• [Task objective] In full and without change, return each entry.

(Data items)

========

text \<open>\<open>H(x,c)\<close> is \<open>k(c)\<close> times an expression that depends on \<open>c\<close> only through the
  term \<open>\<mu>\<theta>\<phi>'(x)/(\<lambda>k(c))\<close>, which is increasing in \<open>k(c)\<close> since \<open>\<phi>' < 0\<close>.\<close>
lemma H_scaled: assumes "k c > 0"
  shows "H x c = k c * (phi x / (lam + \<theta>) - (\<mu> / lam - \<mu> * \<theta> / (lam * k c) + (x - \<mu>) / (lam + \<theta>)) * dphi x)"
proof -
  have e: "k c * (\<mu> * \<theta> / (lam * k c)) = \<mu> * \<theta> / lam" using assms by simp
  have "k c * (\<mu> / lam - \<mu> * \<theta> / (lam * k c) + (x - \<mu>) / (lam + \<theta>))
      = k c * \<mu> / lam - k c * (\<mu> * \<theta> / (lam * k c)) + k c * (x - \<mu>) / (lam + \<theta>)"
    by (simp add: algebra_simps)
  also have "\<dots> = k c * \<mu> / lam - \<mu> * \<theta> / lam + k c * (x - \<mu>) / (lam + \<theta>)" by (simp only: e)
  also have "\<dots> = G x c" unfolding G_eq by (simp add: algebra_simps diff_divide_distrib)
  finally have g: "G x c = k c * (\<mu> / lam - \<mu> * \<theta> / (lam * k c) + (x - \<mu>) / (lam + \<theta>))" by simp
  show ?thesis unfolding H_def g by (simp add: algebra_simps)
qed

lemma beta_strict_decreasing:
  assumes c: "c1 \<in> {0..1}" "c2 \<in> {0..1}" "c1 < c2"
  shows "beta c2 < beta c1"
proof -
  define x where "x = beta c1"
  have k1: "k c1 > 0" and k2: "k c2 > 0" using k_positive c by auto
  have k12: "k c1 < k c2" using k_strict_mono c by auto
  define R where "R \<kappa> = phi x / (lam + \<theta>) - (\<mu> / lam - \<mu> * \<theta> / (lam * \<kappa>) + (x - \<mu>) / (lam + \<theta>)) * dphi x" for \<kappa>
  have "k c1 * R (k c1) = 0" using beta_root[OF k1] H_scaled[OF k1, of x] unfolding x_def R_def by simp
  hence R1: "R (k c1) = 0" using k1 by simp
  have d: "R (k c2) - R (k c1) = \<mu> * \<theta> / lam * ((1 / k c2 - 1 / k c1) * dphi x)"
    unfolding R_def by (simp add: algebra_simps)
  have "1 / k c2 - 1 / k c1 < 0" using k1 k12 by (simp add: frac_less2)
  hence "(1 / k c2 - 1 / k c1) * dphi x > 0" using dphi_neg[of x] by (rule mult_neg_neg)
  moreover have "\<mu> * \<theta> / lam > 0" using mu_pos theta_pos lam_pos by simp
  ultimately have "R (k c2) - R (k c1) > 0" unfolding d by (rule mult_pos_pos[rotated])
  hence "H x c2 > 0" using R1 H_scaled[OF k2, of x] k2 unfolding R_def by simp
  thus ?thesis using H_pos_iff[OF k2] unfolding x_def by simp
qed

lemma beta_inj: "c1 \<in> {0..1} \<Longrightarrow> c2 \<in> {0..1} \<Longrightarrow> beta c1 = beta c2 \<Longrightarrow> c1 = c2"
  using beta_strict_decreasing[of c1 c2] beta_strict_decreasing[of c2 c1]
  by (cases rule: linorder_cases[of c1 c2]) auto

lemma beta_antimono: "c1 \<in> {0..1} \<Longrightarrow> c2 \<in> {0..1} \<Longrightarrow> c1 \<le> c2 \<Longrightarrow> beta c2 \<le> beta c1"
  using beta_strict_decreasing[of c1 c2] by (cases "c1 = c2") auto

========

• [Response for this exercise]
text \<open>\<open>H(x,c)\<close> is \<open>k(c)\<close> times an expression that depends on \<open>c\<close> only through the
  term \<open>\<mu>\<theta>\<phi>'(x)/(\<lambda>k(c))\<close>, which is increasing in \<open>k(c)\<close> since \<open>\<phi>' < 0\<close>.\<close>
lemma H_scaled: assumes "k c > 0"
  shows "H x c = k c * (phi x / (lam + \<theta>) - (\<mu> / lam - \<mu> * \<theta> / (lam * k c) + (x - \<mu>) / (lam + \<theta>)) * dphi x)"
proof -
  have e: "k c * (\<mu> * \<theta> / (lam * k c)) = \<mu> * \<theta> / lam" using assms by simp
  have "k c * (\<mu> / lam - \<mu> * \<theta> / (lam * k c) + (x - \<mu>) / (lam + \<theta>))
      = k c * \<mu> / lam - k c * (\<mu> * \<theta> / (lam * k c)) + k c * (x - \<mu>) / (lam + \<theta>)"
    by (simp add: algebra_simps)
  also have "\<dots> = k c * \<mu> / lam - \<mu> * \<theta> / lam + k c * (x - \<mu>) / (lam + \<theta>)" by (simp only: e)
  also have "\<dots> = G x c" unfolding G_eq by (simp add: algebra_simps diff_divide_distrib)
  finally have g: "G x c = k c * (\<mu> / lam - \<mu> * \<theta> / (lam * k c) + (x - \<mu>) / (lam + \<theta>))" by simp
  show ?thesis unfolding H_def g by (simp add: algebra_simps)
qed

lemma beta_strict_decreasing:
  assumes c: "c1 \<in> {0..1}" "c2 \<in> {0..1}" "c1 < c2"
  shows "beta c2 < beta c1"
proof -
  define x where "x = beta c1"
  have k1: "k c1 > 0" and k2: "k c2 > 0" using k_positive c by auto
  have k12: "k c1 < k c2" using k_strict_mono c by auto
  define R where "R \<kappa> = phi x / (lam + \<theta>) - (\<mu> / lam - \<mu> * \<theta> / (lam * \<kappa>) + (x - \<mu>) / (lam + \<theta>)) * dphi x" for \<kappa>
  have "k c1 * R (k c1) = 0" using beta_root[OF k1] H_scaled[OF k1, of x] unfolding x_def R_def by simp
  hence R1: "R (k c1) = 0" using k1 by simp
  have d: "R (k c2) - R (k c1) = \<mu> * \<theta> / lam * ((1 / k c2 - 1 / k c1) * dphi x)"
    unfolding R_def by (simp add: algebra_simps)
  have "1 / k c2 - 1 / k c1 < 0" using k1 k12 by (simp add: frac_less2)
  hence "(1 / k c2 - 1 / k c1) * dphi x > 0" using dphi_neg[of x] by (rule mult_neg_neg)
  moreover have "\<mu> * \<theta> / lam > 0" using mu_pos theta_pos lam_pos by simp
  ultimately have "R (k c2) - R (k c1) > 0" unfolding d by (rule mult_pos_pos[rotated])
  hence "H x c2 > 0" using R1 H_scaled[OF k2, of x] k2 unfolding R_def by simp
  thus ?thesis using H_pos_iff[OF k2] unfolding x_def by simp
qed

lemma beta_inj: "c1 \<in> {0..1} \<Longrightarrow> c2 \<in> {0..1} \<Longrightarrow> beta c1 = beta c2 \<Longrightarrow> c1 = c2"
  using beta_strict_decreasing[of c1 c2] beta_strict_decreasing[of c2 c1]
  by (cases rule: linorder_cases[of c1 c2]) auto

lemma beta_antimono: "c1 \<in> {0..1} \<Longrightarrow> c2 \<in> {0..1} \<Longrightarrow> c1 \<le> c2 \<Longrightarrow> beta c2 \<le> beta c1"
  using beta_strict_decreasing[of c1 c2] by (cases "c1 = c2") auto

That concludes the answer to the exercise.